Mass times velocity, or, equivalently, a quantity whose time rate of change is equal to the net force applied to a system. |
Forces are actions which cause a change in the velocity of an object, but a given application of force will have very different results when applied to objects of very different mass. Consider the force imparted by a baseball player swinging a bat. When delivered to a baseball, the change in velocity is dramatic. A 95 mph fasball might be completely reversed and exit the bat moving 110 mph in the other direction. When delivered to a car, however, the change in velocity is miniscule. A car moving 95 mph will not be slowed noticeably by the action of a bat. Thus, although the change in velocity of a system is proportional to the force applied, it is not equal to the force applied.
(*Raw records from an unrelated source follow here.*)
(* Let $\mathcal{A}$ be a separating union-closed family with base set $[n]$ and height $h=4$, and suppose $|\mathcal{B}(\mathcal{A})|=3$. Let $B=b(\mathcal{A}_{<n/2})$. Then $|B| \in \{n-1, n\}$.
   Context: A family of sets $\mathcal{A}$ is union-closed if it is a finite family of distinct finite sets with at least one nonempty member set, and $X,Y\in\mathcal{A}$ implies $X\cup Y\in\mathcal{A}$ (the empty set may be a member). For a family $\mathcal{F}$, $b(\mathcal{F})=\bigcup_{F\in\mathcal{F}}F$; the base set $b(\mathcal{A})$ is denoted $[n]=\{1,\dots,n\}$. $\mathcal{A}$ is separating if for any two distinct $x,y\in[n]$ there is $A\in\mathcal{A}$ containing exactly one of $x,y$. A chain in $\mathcal{A}$ is a subfamily any two distinct members of which are comparable under proper inclusion; the height $h$ of $\mathcal{A}$ is the maximum size of a chain in $\mathcal{A}$. For real $x\ge 0$, $\mathcal{A}_{<x}=\{A\in\mathcal{A} : |A|<x\}$. For $\mathcal{S}\subseteq\mathcal{A}$ and $S\in\mathcal{S}$, $\mathrm{irr}_{\mathcal{S}}(S)=\{s\in S : s\notin b(\mathcal{S}\setminus\{S\})\}$, and $\mathcal{S}$ is irredundant if $\mathrm{irr}_{\mathcal{S}}(S)\neq\emptyset$ for every $S\in\mathcal{S}$. With $B=b(\mathcal{A}_{<n/2})$, $\mathcal{B}(\mathcal{A})$ denotes any irredundant subfamily of $\mathcal{A}_{<n/2}$ of minimum size such that $b(\mathcal{B}(\mathcal{A}))=B$. *)

theory Defs
  imports Complex_Main
begin

definition union_closed :: "'a set set \<Rightarrow> bool" where
  "union_closed \<A> \<longleftrightarrow> finite \<A> \<and> (\<forall>X\<in>\<A>. finite X) \<and> (\<exists>X\<in>\<A>. X \<noteq> {})
     \<and> (\<forall>X\<in>\<A>. \<forall>Y\<in>\<A>. X \<union> Y \<in> \<A>)"

definition separating :: "'a set set \<Rightarrow> bool" where
  "separating \<A> \<longleftrightarrow> (\<forall>x\<in>\<Union>\<A>. \<forall>y\<in>\<Union>\<A>. x \<noteq> y \<longrightarrow>
     (\<exists>A\<in>\<A>. (x \<in> A \<and> y \<notin> A) \<or> (y \<in> A \<and> x \<notin> A)))"

definition is_chain :: "'a set set \<Rightarrow> bool" where
  "is_chain \<C> \<longleftrightarrow> (\<forall>X\<in>\<C>. \<forall>Y\<in>\<C>. X \<noteq> Y \<longrightarrow> X \<subset> Y \<or> Y \<subset> X)"

definition height :: "'a set set \<Rightarrow> nat" where
  "height \<A> = Max (card ` {\<C>. \<C> \<subseteq> \<A> \<and> is_chain \<C>})"

definition below :: "'a set set \<Rightarrow> real \<Rightarrow> 'a set set" where
  "below \<A> x = {A\<in>\<A>. real (card A) < x}"

definition irr :: "'a set set \<Rightarrow> 'a set \<Rightarrow> 'a set" where
  "irr \<S> S = {s\<in>S. s \<notin> \<Union>(\<S> - {S})}"

definition irredundant :: "'a set set \<Rightarrow> bool" where
  "irredundant \<S> \<longleftrightarrow> (\<forall>S\<in>\<S>. irr \<S> S \<noteq> {})"

definition small_base :: "'a set set \<Rightarrow> nat \<Rightarrow> 'a set" where
  "small_base \<A> n = \<Union>(below \<A> (real n / 2))"

definition calB_size :: "'a set set \<Rightarrow> nat \<Rightarrow> nat" where
  "calB_size \<A> n = (LEAST k. \<exists>\<S>. \<S> \<subseteq> below \<A> (real n / 2) \<and> irredundant \<S>
      \<and> \<Union>\<S> = small_base \<A> n \<and> card \<S> = k)"

end

theory Submission
  imports Defs
begin

text \<open>
  The partial unions of an irredundant subfamily of \<open>\<A>\<close> form a strict chain in
  \<open>\<A>\<close>, since every new member contributes a point of its own; so \<open>\<B>(\<A>)\<close>
  yields a chain of three members of \<open>\<A>\<close> topped by \<open>B\<close>. If two points
  \<open>x \<noteq> y\<close> of \<open>[n]\<close> lay outside \<open>B\<close>, a member \<open>A\<close> separating them
  would give \<open>B \<subset> B \<union> A \<subset> [n]\<close>, extending the chain to five members
  and contradicting \<open>h = 4\<close>. Only the irredundancy of \<open>\<B>(\<A>)\<close> is used,
  not the smallness of its members.
\<close>

lemma Union_remove_eq_if_irr_empty:
  assumes "irr \<S> T = {}" "T \<in> \<S>"
  shows "\<Union>(\<S> - {T}) = \<Union>\<S>"
  using assms unfolding irr_def by blast

lemma exists_irredundant_subfamily:
  assumes "finite \<F>"
  shows "\<exists>\<S>\<subseteq>\<F>. irredundant \<S> \<and> \<Union>\<S> = \<Union>\<F>"
  using assms
proof (induction rule: finite_psubset_induct)
  case (psubset \<F>)
  show ?case
  proof (cases "irredundant \<F>")
    case True
    then show ?thesis
      by blast
  next
    case False
    then obtain T where T: "T \<in> \<F>" "irr \<F> T = {}"
      unfolding irredundant_def by blast
    obtain \<S> where \<S>: "\<S> \<subseteq> \<F> - {T}" "irredundant \<S>" "\<Union>\<S> = \<Union>(\<F> - {T})"
      using psubset.IH[of "\<F> - {T}"] T(1) by blast
    have "\<Union>(\<F> - {T}) = \<Union>\<F>"
      using Union_remove_eq_if_irr_empty T by blast
    with \<S> show ?thesis
      by (metis Diff_subset order_trans)
  qed
qed

lemma calB_size_witness:
  assumes "finite \<A>"
  obtains \<S> where "\<S> \<subseteq> below \<A> (real n / 2)" "irredundant \<S>"
    "\<Union>\<S> = small_base \<A> n" "card \<S> = calB_size \<A> n"
proof -
  define P where "P k \<longleftrightarrow> (\<exists>\<S>. \<S> \<subseteq> below \<A> (real n / 2) \<and> irredundant \<S>
      \<and> \<Union>\<S> = small_base \<A> n \<and> card \<S> = k)" for k
  have "finite (below \<A> (real n / 2))"
    using assms unfolding below_def by simp
  then obtain \<S> where "\<S> \<subseteq> below \<A> (real n / 2)" "irredundant \<S>" "\<Union>\<S> = small_base \<A> n"
    unfolding small_base_def by (metis exists_irredundant_subfamily)
  then have "P (card \<S>)"
    unfolding P_def by blast
  then have "P (LEAST k. P k)"
    by (rule LeastI)
  then show ?thesis
    using that unfolding P_def calB_size_def by blast
qed

lemma irr_antimono:
  assumes "\<R> \<subseteq> \<S>"
  shows "irr \<S> X \<subseteq> irr \<R> X"
  using assms unfolding irr_def by blast

lemma irredundant_subset:
  assumes "irredundant \<S>" "\<R> \<subseteq> \<S>"
  shows "irredundant \<R>"
  unfolding irredundant_def
proof
  fix X assume "X \<in> \<R>"
  then have "irr \<S> X \<noteq> {}"
    using assms unfolding irredundant_def by blast
  then show "irr \<R> X \<noteq> {}"
    using irr_antimono[OF assms(2)] by blast
qed

lemma irredundant_Union_psubset_insert:
  assumes "irredundant \<S>" "T \<in> \<S>" "\<R> \<subseteq> \<S> - {T}"
  shows "\<Union>\<R> \<subset> \<Union>(insert T \<R>)"
proof -
  obtain t where "t \<in> T" "t \<notin> \<Union>(\<S> - {T})"
    using assms(1,2) unfolding irredundant_def irr_def by blast
  then show ?thesis
    using assms(3) by blast
qed

lemma union_closed_Union_mem:
  assumes "union_closed \<A>" "\<S> \<subseteq> \<A>" "\<S> \<noteq> {}"
  shows "\<Union>\<S> \<in> \<A>"
proof -
  have "finite \<S>"
    using assms(1,2) finite_subset unfolding union_closed_def by blast
  from this assms(3,2) show ?thesis
  proof (induction rule: finite_ne_induct)
    case (insert S \<S>)
    then show ?case
      using assms(1) unfolding union_closed_def by simp
  qed simp
qed

lemma union_closed_irredundant_strict_chain:
  assumes "union_closed \<A>" "\<S> \<subseteq> \<A>" "irredundant \<S>" "\<S> \<noteq> {}"
  shows "\<exists>Xs. sorted_wrt (\<subset>) (Xs @ [\<Union>\<S>]) \<and> set (Xs @ [\<Union>\<S>]) \<subseteq> \<A> \<and> length Xs + 1 = card \<S>"
proof -
  have "finite \<S>"
    using assms(1,2) finite_subset unfolding union_closed_def by blast
  from this assms(4,2,3) show ?thesis
  proof (induction rule: finite_ne_induct)
    case (singleton T)
    then show ?case
      by simp
  next
    case (insert T \<T>)
    then obtain Xs where Xs: "sorted_wrt (\<subset>) (Xs @ [\<Union>\<T>])" "set (Xs @ [\<Union>\<T>]) \<subseteq> \<A>"
        "length Xs + 1 = card \<T>"
      using irredundant_subset[of "insert T \<T>" \<T>] by blast
    have "\<Union>\<T> \<subset> \<Union>(insert T \<T>)"
      using insert.prems(2) insert.hyps(3) by (intro irredundant_Union_psubset_insert) auto
    moreover have "\<Union>(insert T \<T>) \<in> \<A>"
      using insert.prems(1) by (intro union_closed_Union_mem[OF assms(1)]) auto
    ultimately have "sorted_wrt (\<subset>) ((Xs @ [\<Union>\<T>]) @ [\<Union>(insert T \<T>)])"
        "set ((Xs @ [\<Union>\<T>]) @ [\<Union>(insert T \<T>)]) \<subseteq> \<A>"
      using Xs(1,2) unfolding successively_conv_sorted_wrt[OF transp_on_less, symmetric]
      by (simp_all add: successively_append_iff)
    moreover have "length (Xs @ [\<Union>\<T>]) + 1 = card (insert T \<T>)"
      using Xs(3) insert.hyps by simp
    ultimately show ?case
      by blast
  qed
qed

lemma height_ge_length_strict_chain:
  assumes "finite \<A>" "sorted_wrt (\<subset>) Xs" "set Xs \<subseteq> \<A>"
  shows "length Xs \<le> height \<A>"
proof -
  have "distinct Xs"
    using assms(2) by (induction Xs) auto
  have "is_chain (set Xs)"
    unfolding is_chain_def
  proof (intro ballI impI)
    fix X Y assume "X \<in> set Xs" "Y \<in> set Xs" "X \<noteq> Y"
    then obtain i j where "i < length Xs" "j < length Xs" "X = Xs ! i" "Y = Xs ! j" "i \<noteq> j"
      by (metis in_set_conv_nth)
    then show "X \<subset> Y \<or> Y \<subset> X"
      using assms(2) by (metis linorder_neqE_nat sorted_wrt_iff_nth_less)
  qed
  moreover have "finite {\<C>. \<C> \<subseteq> \<A> \<and> is_chain \<C>}"
    by (rule finite_subset[of _ "Pow \<A>"]) (use assms(1) in auto)
  moreover have "set Xs \<in> {\<C>. \<C> \<subseteq> \<A> \<and> is_chain \<C>}"
    using assms(3) \<open>is_chain (set Xs)\<close> by blast
  ultimately have "card (set Xs) \<le> height \<A>"
    unfolding height_def by (intro Max_ge finite_imageI imageI)
  with \<open>distinct Xs\<close> show ?thesis
    by (simp add: distinct_card)
qed

lemma separating_psubset_between:
  assumes "union_closed \<A>" "separating \<A>" "X \<in> \<A>"
    and "x \<in> \<Union>\<A> - X" "y \<in> \<Union>\<A> - X" "x \<noteq> y"
  obtains Y where "Y \<in> \<A>" "X \<subset> Y" "Y \<subset> \<Union>\<A>"
proof -
  obtain A u v where "A \<in> \<A>" "u \<in> A" "v \<notin> A" "u \<in> \<Union>\<A> - X" "v \<in> \<Union>\<A> - X"
    using assms(2,4-6) unfolding separating_def by blast
  moreover have "X \<union> A \<in> \<A>"
    using assms(1,3) \<open>A \<in> \<A>\<close> unfolding union_closed_def by blast
  ultimately show ?thesis
  proof (intro that)
    show "X \<subset> X \<union> A"
      using \<open>u \<in> A\<close> \<open>u \<in> \<Union>\<A> - X\<close> by blast
    show "X \<union> A \<subset> \<Union>\<A>"
      using \<open>X \<in> \<A>\<close> \<open>A \<in> \<A>\<close> \<open>v \<notin> A\<close> \<open>v \<in> \<Union>\<A> - X\<close> by blast
  qed
qed

lemma height_ge_length_strict_chain_extension:
  assumes "union_closed \<A>" "separating \<A>"
    and "sorted_wrt (\<subset>) (Xs @ [X])" "set (Xs @ [X]) \<subseteq> \<A>"
    and "x \<in> \<Union>\<A> - X" "y \<in> \<Union>\<A> - X" "x \<noteq> y"
  shows "length Xs + 3 \<le> height \<A>"
proof -
  have "X \<in> \<A>"
    using assms(4) by simp
  obtain Y where Y: "Y \<in> \<A>" "X \<subset> Y" "Y \<subset> \<Union>\<A>"
    by (rule separating_psubset_between[OF assms(1,2) \<open>X \<in> \<A>\<close> assms(5-7)])
  have "\<Union>\<A> \<in> \<A>"
    using \<open>X \<in> \<A>\<close> by (intro union_closed_Union_mem[OF assms(1)]) auto
  have "sorted_wrt (\<subset>) (Xs @ [X, Y, \<Union>\<A>])"
    using assms(3) Y unfolding successively_conv_sorted_wrt[OF transp_on_less, symmetric]
    by (simp add: successively_append_iff)
  moreover have "set (Xs @ [X, Y, \<Union>\<A>]) \<subseteq> \<A>"
    using assms(4) Y(1) \<open>\<Union>\<A> \<in> \<A>\<close> by simp
  ultimately have "length (Xs @ [X, Y, \<Union>\<A>]) \<le> height \<A>"
    using assms(1) unfolding union_closed_def by (intro height_ge_length_strict_chain) auto
  then show ?thesis
    by simp
qed

lemma card_mem_if_card_Diff_le_1:
  assumes "finite U" "B \<subseteq> U" "card (U - B) \<le> 1"
  shows "card B \<in> {card U - 1, card U}"
proof -
  have "card (U - B) = card U - card B"
    using assms(1,2) by (simp add: card_Diff_subset finite_subset)
  moreover have "card B \<le> card U"
    using assms(1,2) by (rule card_mono)
  ultimately show ?thesis
    using assms(3) by auto
qed

theorem propositionF:
  fixes \<A> :: "nat set set" and n :: nat
  assumes "union_closed \<A>"
    and "\<Union>\<A> = {1..n}"
    and "separating \<A>"
    and "height \<A> = 4"
    and "calB_size \<A> n = 3"
  shows "card (small_base \<A> n) \<in> {n - 1, n}"
proof -
  define B where "B = small_base \<A> n"
  have "finite \<A>"
    using assms(1) unfolding union_closed_def by blast
  then obtain \<S> where \<S>: "\<S> \<subseteq> below \<A> (real n / 2)" "irredundant \<S>" "\<Union>\<S> = B" "card \<S> = 3"
    unfolding B_def assms(5)[symmetric] by (rule calB_size_witness)
  have "\<S> \<subseteq> \<A>"
    using \<S>(1) unfolding below_def by blast
  moreover have "\<S> \<noteq> {}"
    using \<S>(4) by auto
  ultimately obtain Xs where chain: "sorted_wrt (\<subset>) (Xs @ [B])" "set (Xs @ [B]) \<subseteq> \<A>" "length Xs = 2"
    using union_closed_irredundant_strict_chain[OF assms(1) _ \<S>(2)] \<S>(3,4) by auto
  have "x = y" if "x \<in> \<Union>\<A> - B" "y \<in> \<Union>\<A> - B" for x y
  proof (rule ccontr)
    assume "x \<noteq> y"
    from height_ge_length_strict_chain_extension[OF assms(1,3) chain(1,2) that this] chain(3) assms(4)
    show False
      by simp
  qed
  then have "card ({1..n} - B) \<le> 1"
    unfolding assms(2) by (simp add: card_le_Suc0_iff_eq)
  moreover have "B \<subseteq> {1..n}"
    using chain(2) assms(2) by auto
  ultimately show ?thesis
    using card_mem_if_card_Diff_le_1[of "{1..n}" B] unfolding B_def by simp
qed

end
To define a quantity whose rate of change is equal to the force applied, we must include both the mass and velocity of the system subject to the force.
The momentum (p) of a point particle with mass m and velocity v is defined as:
\begin{large}\[ \vec{p} \equiv m\vec{v}\]\end{large} |
For a system composed of N objects which are approximated as point particles with their position specified by the objects' centers of mass, the system momentum is defined as the vector sum of the momentum of the constituents:
\begin{large}\[ \vec{p}^{\rm \: sys} = \sum_{j=1}^{N} m_{j}\vec{v}_{j} \]\end{large} |
This definition is completely equivalent to
\begin{large}\[ \vec{p}^{\rm \: sys} = M^{\rm sys} \vec{v}^{\rm \: CM} \]\end{large} |
where Msys is the total mass of the system and vCM is the velocity of the system's center of mass.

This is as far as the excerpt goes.